Not all of us have lengthy, expensive commutes. Some of us walk or cycle to work, making our journey free or very low cost. Last year, say, I spent £45 having my bike serviced and that was the sum total of my travel costs.

Not all of us spend large on takeaway sandwiches or cappuccinos to go, so do we tax packed lunches?

And not all of us - er hem - spend a lot on our office appearance. Some of us really should spend more.

“For years we have needed a tax on remote workers – Covid has just made it obvious,” Deutsche Bank strategist Luke Templeman said.

“A big chunk of people have disconnected themselves from the face-to-face world yet are still leading a full economic life. That means remote workers are contributing less to the infrastructure of the economy whilst still receiving its benefits. That is a big problem for the economy.”

The big problem seems more to be Mr Templeman's disconnect from reality. People aren't working from underground vaults. They are still spending the money they might have spent in the city centre on local high streets and town centres. You can't get near any of the coffee shops round my gaff unless you're prepared for a queue of home workers lining up for a latte.

This is only a problem if you're a corporate shill wedded to propping up large chains like Pret. Local economies stand to be revitalised by this new shift and that is a positive thing.

The reality of home working is an increase in overheads.
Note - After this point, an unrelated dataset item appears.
(* Let $\{\mathcal G,(\Gamma_0,\Gamma_1),(\widetilde\Gamma_0,\widetilde\Gamma_1)\}$ be a triple for the adjoint pair $\{S,\widetilde S\}$ satisfying (G) and (M). Then: (i) if $\operatorname{ran}\Gamma_0$ is dense in $\mathcal G$ and $\operatorname{ran}\widetilde\Gamma_0=\mathcal G$, then $\operatorname{ran}(\Gamma_0,\Gamma_1)^\top$ is dense in $\mathcal G\times\mathcal G$; (ii) if $\operatorname{ran}\widetilde\Gamma_0$ is dense in $\mathcal G$ and $\operatorname{ran}\Gamma_0=\mathcal G$, then $\operatorname{ran}(\widetilde\Gamma_0,\widetilde\Gamma_1)^\top$ is dense in $\mathcal G\times\mathcal G$. In particular, if $\operatorname{ran}\Gamma_0=\operatorname{ran}\widetilde\Gamma_0=\mathcal G$, then condition (DD) holds and the triple is a quasi boundary triple for $\{S,\widetilde S\}$.
   Context: Let $\mathfrak H$ be a separable Hilbert space. An adjoint pair $\{S,\widetilde S\}$ consists of densely defined closed operators $S,\widetilde S$ in $\mathfrak H$ with $(Sf,g)=(f,\widetilde Sg)$ for all $f\in\operatorname{dom}S$, $g\in\operatorname{dom}\widetilde S$. Fix operators $T\subset S^*$ and $\widetilde T\subset\widetilde S^*$ which are cores, i.e. $\overline T=S^*$ and $\overline{\widetilde T}=\widetilde S^*$ (equivalently $T^*=S$, $\widetilde T^*=\widetilde S$). A triple $\{\mathcal G,(\Gamma_0,\Gamma_1),(\widetilde\Gamma_0,\widetilde\Gamma_1)\}$ for $\{S,\widetilde S\}$ consists of a Hilbert space $\mathcal G$ and linear maps $\Gamma_0,\Gamma_1:\operatorname{dom}T\to\mathcal G$, $\widetilde\Gamma_0,\widetilde\Gamma_1:\operatorname{dom}\widetilde T\to\mathcal G$. Put $A_0:=T\upharpoonright\ker\Gamma_0$ and $\widetilde A_0:=\widetilde T\upharpoonright\ker\widetilde\Gamma_0$. Conditions: (G) $(Tf,g)_{\mathfrak H}-(f,\widetilde Tg)_{\mathfrak H}=(\Gamma_1f,\widetilde\Gamma_0g)_{\mathcal G}-(\Gamma_0f,\widetilde\Gamma_1g)_{\mathcal G}$ for all $f\in\operatorname{dom}T$, $g\in\operatorname{dom}\widetilde T$; (D) $\operatorname{ran}\Gamma_0$ and $\operatorname{ran}\widetilde\Gamma_0$ are dense in $\mathcal G$; (DD) $\operatorname{ran}(\Gamma_0,\Gamma_1)^\top$ and $\operatorname{ran}(\widetilde\Gamma_0,\widetilde\Gamma_1)^\top$ are dense in $\mathcal G\times\mathcal G$; (M) $A_0^*=\widetilde A_0$ and $\widetilde A_0^*=A_0$. A quasi boundary triple is a triple satisfying (G), (DD) and (M). *)

theory Defs
  imports "HOL-Analysis.Analysis"
begin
My energy bill has gone from £57 a month to £98.12 and it's not quite yet winter. With everything done online, people are paying to upgrade their broadband.

It's possible to claim tax relief on some of the costs associated with working from home but you don't see that being shouted about.

Deutsche Bank makes the distinction between those who have been compelled to work from home on an ad hoc basis by the pandemic and those who subsequently then choose to work from home. Not all office employees will have the option to return though.

Working from home may have increased in popularity in recent years but this is a sudden tectonic shift, a rapid response to a crisis. Some people will choose to continue to work from home when the crisis finally ends, perhaps because it fits more easily with caring responsibilities or perhaps because it just suits them better.

Others will be compelled to work at home by employers who have recognised the cost saving benefits of not having to provide space for employees.

As we look towards creating a carbon neutral future, working from home brings environmental benefits in cutting the number of cars on the road and easing congestion into and out of cities and town centres.

I mean, if you want to take it to the extreme then there's also a case to be made for looking at A&E admissions - fewer vehicles on the road means fewer accidents and fewer people using NHS resources.

There is, unless we sleepwalk back to our previous way of being, a way that suited some but not others, a way that was environmentally unsustainable, going to be a fundamental shift in how we work.

This creates exciting opportunities to repair a faulty system but it will also create other issues, one such being large companies left with extensive office space and not enough people to fill it.

Some of these offices would be impossible to fill under social distancing rules - imagine how long it would take to fill and empty a high rise at the start and close of play using only one bank of lifts.

Thoughtful and careful strategies will be needed to create a new future for cities. That's a separate issue to the prevailing narrative around home working, which suggests it's somehow frivolous privilege and those involved in it should be penalised for their good fortune. In this case, the Deutsche Bank report suggests the home working tax, which would nonsensically apply only to employees and not the self-employed, should be funnelled to those in low paid jobs but this is a role of general taxation.

Bluntly, the entire suggestion is daft. But it does serve to shore up the Conservative narrative that there are deserving and undeserving workers, and that productivity is linked only to economic output and not wellbeing. And that is a narrative that must be pushed against, whether face-to-face or remotely.